In the Environment page, click the Spark properties tab, then create the following 3 properties:

  • spark.sql.extensions: org.apache.sedona.viz.sql.SedonaVizExtensions,org.apache.sedona.sql.SedonaSqlExtensions
  • spark.serializer: org.apache.spark.serializer.KryoSerializer
  • spark.kryo.registrator: org.apache.sedona.core.serde.SedonaKryoRegistrator

Step 6: Save and publish the environment

Click the Save button and then click the Publish button to save and publish the environment. This will create the environment with the Apache Sedona Python package installed. The publishing process will take about 10 minutes.

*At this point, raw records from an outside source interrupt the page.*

lemma energy_inequality:
  assumes s: "s \<in> {0..<T}"
  shows "2 * mlow * B s / (p + 1) * (F s powr (p + 1) - F 0 powr (p + 1)) \<le> (m s * F' s)\<^sup>2"
proof -
  define K where "K = 2 * mlow * B s / (p + 1)"
  define E where "E x = (m x * F' x)\<^sup>2 - K * F x powr (p + 1)" for x
  \<comment> \<open>Only the open-interval version applies: \<open>F 0\<close> may vanish, and there \<open>powr\<close> has no derivative.\<close>
  have "E 0 \<le> E s"
  proof (rule DERIV_within_nonneg_imp_increasing_open[where f = E and S = "{0..<T}"])
    have flux_cont: "continuous_on {0..<T} (\<lambda>s. m s * F' s)"
      unfolding continuous_on_eq_continuous_within using flux_deriv DERIV_continuous by blast
    have F_cont: "continuous_on {0..<T} F"
      using F_deriv by (rule DERIV_continuous_on)
    have "\<forall>x\<in>{0..<T}. 0 \<le> F x"
      using F_pos F_initial by (metis atLeastLessThan_iff less_eq_real_def)
    then have "continuous_on {0..<T} E"
      unfolding E_def using p_nonneg by (intro continuous_intros flux_cont continuous_on_powr' F_cont) auto
    then show "continuous_on {0..s} E"
      by (rule continuous_on_subset) (use s in auto)
  next
    fix x assume x: "0 < x" "x < s"
    then have xT: "x \<in> {0..<T}" and Fx: "0 < F x"
      using s F_pos by auto
    obtain D where D: "((\<lambda>s. m s * F' s) has_real_derivative D) (at x within {0..<T})"
      and D_ge: "B x * \<bar>F x\<bar> powr p \<le> D"
      using flux_deriv[OF xT] by blast
    have "((\<lambda>x. (m x * F' x)\<^sup>2) has_real_derivative 2 * (m x * F' x) * D) (at x within {0..<T})"
      using DERIV_power[OF D, of 2] by (simp add: algebra_simps)
    moreover have "((\<lambda>x. F x powr (p + 1)) has_real_derivative (p + 1) * F x powr p * F' x)
        (at x within {0..<T})"
      using F_deriv[OF xT] Fx by (auto intro!: derivative_eq_intros)
    ultimately have dE: "(E has_real_derivative 2 * (m x * F' x) * D - K * ((p + 1) * F x powr p * F' x))
        (at x within {0..<T})"
      unfolding E_def by (intro DERIV_diff DERIV_cmult)
    have "K * ((p + 1) * F x powr p * F' x) = 2 * (mlow * F' x) * (B s * F x powr p)"
      unfolding K_def using p_nonneg by (simp add: field_simps)
    also have "\<dots> \<le> 2 * (m x * F' x) * (B x * F x powr p)"
      using m_range[OF xT] mlow_pos F'_nonneg[OF xT] B_antimono[of x s] B_nonneg[of s] s x
      by (intro mult_mono mult_left_mono mult_right_mono) auto
    also have "\<dots> \<le> 2 * (m x * F' x) * D"
      using D_ge Fx m_range[OF xT] mlow_pos F'_nonneg[OF xT] by (intro mult_left_mono) auto
    finally show "\<exists>y. (E has_real_derivative y) (at x within {0..<T}) \<and> 0 \<le> y"
      using dE by force
  qed (use s in auto)
  then have "K * (F s powr (p + 1) - F 0 powr (p + 1)) \<le> (m s * F' s)\<^sup>2 - (m 0 * F' 0)\<^sup>2"
    by (simp add: E_def algebra_simps)
  moreover have "0 \<le> (m 0 * F' 0)\<^sup>2"
    by simp
  ultimately show ?thesis
    unfolding K_def by linarith
qed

  1. Learn the Sedona jars you need from our Sedona maven coordinate
  2. Find the sedona-spark-shaded jar from Maven Central. Please pay attention to the Spark version and Scala version of the jars. If you select Spark 3.4 in the Fabric environment, you should download the Sedona jars with Spark 3.4 and Scala 2.12 and the jar name should be like sedona-spark-shaded-3.4_2.12-1.5.1.jar.
  3. Find the geotools-wrapper jar from Maven Central. Please pay attention to the Sedona versions of the jar. If you select Sedona 1.5.1, you should download the geotools-wrapper jar with version 1.5.1 and the jar name should be like geotools-wrapper-1.5.1-28.2.jar.

The download links are like:

https://repo1.maven.org/maven2/org/apache/sedona/sedona-spark-shaded-3.4_2.12/1.5.1/sedona-spark-shaded-3.4_2.12-1.5.1.jar
https://repo1.maven.org/maven2/org/datasyslab/geotools-wrapper/1.5.1-28.2/geotools-wrapper-1.5.1-28.2.jar

Step 8: Start the notebook with the Sedona environment and install the jars

In the notebook page, select the ApacheSedona environment you created before.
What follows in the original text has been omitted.